• What you need to do: Where a line of the records contains the word "auto", show that line.

• Stored items:

(* Let $m\ge n$, let $\Omega$ be a convex subset of $M_{m\times n}(\mathbb{C})$, and let $\Omega_d$ be the set of matrices in $\Omega$ having distinct singular values. Then $\Omega_d$ is dense in $\Omega$ if and only if the closure $\overline{\Omega}$ contains a matrix having distinct singular values.
   Context: $M_{m\times n}(\mathbb{C})$ denotes the set of $m\times n$ complex matrices with the topology induced by the Frobenius norm; throughout $m\ge n$. The singular values of $A\in M_{m\times n}(\mathbb{C})$ are the $n$ nonnegative square roots of the eigenvalues of $A^{\ast}A$, counted with multiplicity; $A$ has distinct singular values if these $n$ values are pairwise different. *)

theory Defs
  imports "HOL-Analysis.Analysis" "HOL-Computational_Algebra.Fundamental_Theorem_Algebra"
begin

text \<open>m x n complex matrices are complex^'n^'m (rows indexed by 'm, columns by 'n);
  the norm on this type is the Frobenius norm.\<close>

definition conj_transpose :: "complex^'n^'m \<Rightarrow> complex^'m^'n" where
  "conj_transpose A = (\<chi> i j. cnj (A $ j $ i))"

definition char_poly_mat :: "complex^'n^'n \<Rightarrow> complex poly" where
  "char_poly_mat B = det (\<chi> i j. (if i = j then [:0, 1:] else 0) - [:B $ i $ j:])"

definition singular_values :: "complex^'n^'m \<Rightarrow> real multiset" where
  "singular_values A =
     image_mset (\<lambda>z. sqrt (Re z)) (proots (char_poly_mat (conj_transpose A ** A)))"

definition distinct_singular_values :: "complex^'n^'m \<Rightarrow> bool" where
  "distinct_singular_values A \<longleftrightarrow> (\<forall>s. count (singular_values A) s \<le> 1)"

end

theory Submission
  imports Defs "Subresultants.Subresultant_Gcd" "HOL-Computational_Algebra.Field_as_Ring"
begin

text \<open>Let \<open>D(A)\<close> be the discriminant (the resultant of \<open>p\<close> and \<open>p'\<close>) of the characteristic
  polynomial \<open>p\<close> of \<open>A\<^sup>* A\<close>. The eigenvalues of \<open>A\<^sup>* A\<close> are real, so \<open>A\<close> has distinct singular
  values iff \<open>p\<close> has no repeated root, i.e. iff \<open>D(A) \<noteq> 0\<close>. Since \<open>D\<close> is a polynomial in the
  entries of \<open>A\<close> and their conjugates, it is continuous, and along a segment
  \<open>t \<mapsto> (1 - t) B + t C\<close> it is a polynomial in the real parameter \<open>t\<close>.
  If \<open>D(A\<^sub>0) \<noteq> 0\<close> for some \<open>A\<^sub>0\<close> in the closure of \<open>\<Omega>\<close>, continuity gives \<open>C \<in> \<Omega>\<close> with
  \<open>D(C) \<noteq> 0\<close>. For \<open>B \<in> \<Omega>\<close>, the polynomial \<open>t \<mapsto> D((1 - t) B + t C)\<close> does not vanish at
  \<open>t = 1\<close>, hence has only finitely many zeros, so \<open>B\<close> is a limit of points of the segment
  with \<open>D \<noteq> 0\<close>; by convexity they lie in \<open>\<Omega>\<close>.\<close>

no_notation Matrix.vec_index (infixl "$" 100)

section \<open>Rings of functions\<close>

locale fun_subring =
  fixes G :: "('x \<Rightarrow> 'b::comm_ring_1) set"
  assumes const_closed: "(\<lambda>x. c) \<in> G"
    and add_closed: "f \<in> G \<Longrightarrow> g \<in> G \<Longrightarrow> (\<lambda>x. f x + g x) \<in> G"
    and mult_closed: "f \<in> G \<Longrightarrow> g \<in> G \<Longrightarrow> (\<lambda>x. f x * g x) \<in> G"
begin

lemma diff_closed:
  assumes "f \<in> G" "g \<in> G"
  shows "(\<lambda>x. f x - g x) \<in> G"
proof -
  have "(\<lambda>x. f x + (-1) * g x) \<in> G"
    by (intro add_closed mult_closed const_closed assms)
  then show ?thesis by simp
qed

lemma if_closed: "f \<in> G \<Longrightarrow> g \<in> G \<Longrightarrow> (\<lambda>x. if P then f x else g x) \<in> G"
  by (cases P) simp_all

lemma sum_closed: "(\<And>i. i \<in> S \<Longrightarrow> f i \<in> G) \<Longrightarrow> (\<lambda>x. \<Sum>i\<in>S. f i x) \<in> G"
  by (induction S rule: infinite_finite_induct) (simp_all add: const_closed add_closed)

lemma prod_closed: "(\<And>i. i \<in> S \<Longrightarrow> f i \<in> G) \<Longrightarrow> (\<lambda>x. \<Prod>i\<in>S. f i x) \<in> G"
  by (induction S rule: infinite_finite_induct) (simp_all add: const_closed mult_closed)

lemma det_closed:
  fixes M :: "'x \<Rightarrow> 'b^'n^'n"
  assumes "\<And>i j. (\<lambda>x. M x $ i $ j) \<in> G"
  shows "(\<lambda>x. Determinants.det (M x)) \<in> G"
  unfolding Determinants.det_def
  by (intro sum_closed mult_closed const_closed prod_closed assms)

lemma mat_det_closed:
  assumes dim: "\<And>x. M x \<in> carrier_mat N N"
    and entries: "\<And>i j. i < N \<Longrightarrow> j < N \<Longrightarrow> (\<lambda>x. M x $$ (i, j)) \<in> G"
  shows "(\<lambda>x. Determinant.det (M x)) \<in> G"
proof -
  have "(\<lambda>x. \<Sum>p | p permutes {0..<N}. of_int (sign p) * (\<Prod>i = 0..<N. M x $$ (i, p i))) \<in> G"
    by (intro sum_closed mult_closed const_closed prod_closed entries)
      (auto simp: permutes_in_image)
  moreover have "Determinant.det (M x) =
      (\<Sum>p | p permutes {0..<N}. of_int (sign p) * (\<Prod>i = 0..<N. M x $$ (i, p i)))" for x
    using dim[of x] by (auto simp: Determinant.det_def)
  ultimately show ?thesis
    by simp
qed

end

definition coeffwise :: "('x \<Rightarrow> 'b::zero) set \<Rightarrow> ('x \<Rightarrow> 'b poly) set" where
  "coeffwise G = {P. \<forall>k. (\<lambda>x. coeff (P x) k) \<in> G}"

lemma coeffwiseD: "P \<in> coeffwise G \<Longrightarrow> (\<lambda>x. coeff (P x) k) \<in> G"
  by (simp add: coeffwise_def)

context fun_subring
begin

lemma fun_subring_coeffwise: "fun_subring (coeffwise G)"
proof
  fix c :: "'b poly"
  show "(\<lambda>x. c) \<in> coeffwise G"
    by (simp add: coeffwise_def const_closed)
next
  fix P Q :: "'x \<Rightarrow> 'b poly"
  assume P: "P \<in> coeffwise G" and Q: "Q \<in> coeffwise G"
  then show "(\<lambda>x. P x + Q x) \<in> coeffwise G"
    by (simp add: coeffwise_def add_closed)
  have "(\<lambda>x. \<Sum>i\<le>k. coeff (P x) i * coeff (Q x) (k - i)) \<in> G" for k
    by (intro sum_closed mult_closed coeffwiseD[OF P] coeffwiseD[OF Q])
  then show "(\<lambda>x. P x * Q x) \<in> coeffwise G"
    by (simp add: coeffwise_def coeff_mult)
qed

lemma const_poly_coeffwise:
  assumes "f \<in> G"
  shows "(\<lambda>x. [:f x:]) \<in> coeffwise G"
  unfolding coeffwise_def
proof (intro CollectI allI)
  show "(\<lambda>x. coeff [:f x:] k) \<in> G" for k
    by (cases k) (simp_all add: assms const_closed)
qed

lemma resultant_sub_closed:
  assumes P: "P \<in> coeffwise G" and Q: "Q \<in> coeffwise G"
  shows "(\<lambda>x. resultant_sub m n (P x) (Q x)) \<in> G"
  unfolding resultant_sub_def
proof (rule mat_det_closed)
  show "sylvester_mat_sub m n (P x) (Q x) \<in> carrier_mat (m + n) (m + n)" for x
    by (simp add: sylvester_mat_sub_def)
  fix i j assume "i < m + n" "j < m + n"
  moreover have "(\<lambda>x. if i < n then if i \<le> j \<and> j - i \<le> m then coeff (P x) (m + i - j) else 0
      else if i - n \<le> j \<and> j \<le> i then coeff (Q x) (i - j) else 0) \<in> G"
    by (intro if_closed coeffwiseD[OF P] coeffwiseD[OF Q] const_closed)
  ultimately show "(\<lambda>x. sylvester_mat_sub m n (P x) (Q x) $$ (i, j)) \<in> G"
    by (simp add: sylvester_mat_sub_def)
qed

end

lemma pderiv_coeffwise:
  fixes G :: "('x \<Rightarrow> 'b::idom) set"
  assumes "fun_subring G" and "P \<in> coeffwise G"
  shows "(\<lambda>x. pderiv (P x)) \<in> coeffwise G"
proof -
  interpret fun_subring G by fact
  show ?thesis
    by (simp add: coeffwise_def coeff_pderiv mult_closed const_closed coeffwiseD[OF assms(2)])
qed

lemma fun_subring_continuous:
  "fun_subring
    {f :: 'a::topological_space \<Rightarrow> 'b::{real_normed_algebra,comm_ring_1}. continuous_on UNIV f}"
  by unfold_locales (auto intro: continuous_intros)

definition real_poly_funs :: "(real \<Rightarrow> 'b::{comm_ring_1,real_algebra_1}) set" where
  "real_poly_funs = {f. \<exists>q. \<forall>t. f t = poly q (of_real t)}"

lemma fun_subring_real_poly_funs:
  "fun_subring (real_poly_funs :: (real \<Rightarrow> 'b::{comm_ring_1,real_algebra_1}) set)"
proof
  fix c :: 'b
  show "(\<lambda>t. c) \<in> real_poly_funs"
    unfolding real_poly_funs_def by (auto intro!: exI[of _ "[:c:]"])
next
  fix f g :: "real \<Rightarrow> 'b"
  assume "f \<in> real_poly_funs" "g \<in> real_poly_funs"
  then obtain p q where "\<forall>t. f t = poly p (of_real t)" "\<forall>t. g t = poly q (of_real t)"
    by (auto simp: real_poly_funs_def)
  then show "(\<lambda>t. f t + g t) \<in> real_poly_funs" "(\<lambda>t. f t * g t) \<in> real_poly_funs"
    unfolding real_poly_funs_def by (auto intro: exI[of _ "p + q"] exI[of _ "p * q"])
qed

section \<open>Characteristic polynomials and Gram matrices\<close>

lemma char_poly_mat_eq_diag_plus_lower:
  fixes B :: "complex^'n^'n"
  obtains R where "char_poly_mat B = (\<Prod>i\<in>UNIV. [:- B $ i $ i, 1:]) + R"
    and "degree R < CARD('n)"
proof -
  define E where "E = (\<chi> i j. (if i = j then [:0, 1:] else 0) - [:B $ i $ j:])"
  have E: "E $ i $ j = (if i = j then [:- B $ i $ j, 1:] else [:- B $ i $ j:])" for i j
    by (auto simp: E_def poly_eq_iff coeff_pCons split: nat.splits)
  define T where "T p = of_int (sign p) * (\<Prod>i\<in>UNIV. E $ i $ p i)" for p :: "'n \<Rightarrow> 'n"
  define P where "P = {p. p permutes (UNIV :: 'n set)}"
  have "char_poly_mat B = (\<Sum>p\<in>P. T p)"
    unfolding char_poly_mat_def Determinants.det_def E_def[symmetric] T_def P_def ..
  also have "\<dots> = T id + (\<Sum>p\<in>P - {id}. T p)"
    by (rule sum.remove) (simp_all add: P_def finite_permutations permutes_id)
  also have "T id = (\<Prod>i\<in>UNIV. [:- B $ i $ i, 1:])"
    by (simp add: T_def E)
  finally have split: "char_poly_mat B = (\<Prod>i\<in>UNIV. [:- B $ i $ i, 1:]) + (\<Sum>p\<in>P - {id}. T p)" .
  have "degree (T p) < CARD('n)" if "p \<noteq> id" for p
  proof -
    have "degree (T p) \<le> degree (\<Prod>i\<in>UNIV. E $ i $ p i)"
      unfolding T_def using degree_mult_le[of "of_int (sign p)"] by simp
    also have "\<dots> \<le> (\<Sum>i\<in>UNIV. degree (E $ i $ p i))"
      using degree_prod_sum_le[of UNIV "\<lambda>i. E $ i $ p i"] by (simp add: o_def)
    also have "\<dots> \<le> (\<Sum>i\<in>UNIV. if p i = i then 1 else 0)"
      by (intro sum_mono) (simp add: E)
    also have "\<dots> = card {i. p i = i}"
      by (simp add: sum.If_cases)
    also have "\<dots> < CARD('n)"
      using that by (intro psubset_card_mono) (auto simp: fun_eq_iff)
    finally show ?thesis .
  qed
  then have "degree (\<Sum>p\<in>P - {id}. T p) < CARD('n)"
    by (intro degree_sum_less) auto
  with split show ?thesis
    using that by blast
qed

• Response below:
      (auto simp: permutes_in_image)
    using dim[of x] by (auto simp: Determinant.det_def)
  by unfold_locales (auto intro: continuous_intros)
    unfolding real_poly_funs_def by (auto intro!: exI[of _ "[:c:]"])
    by (auto simp: real_poly_funs_def)
    unfolding real_poly_funs_def by (auto intro: exI[of _ "p + q"] exI[of _ "p * q"])
    by (auto simp: E_def poly_eq_iff coeff_pCons split: nat.splits)
      using that by (intro psubset_card_mono) (auto simp: fun_eq_iff)
    by (intro degree_sum_less) auto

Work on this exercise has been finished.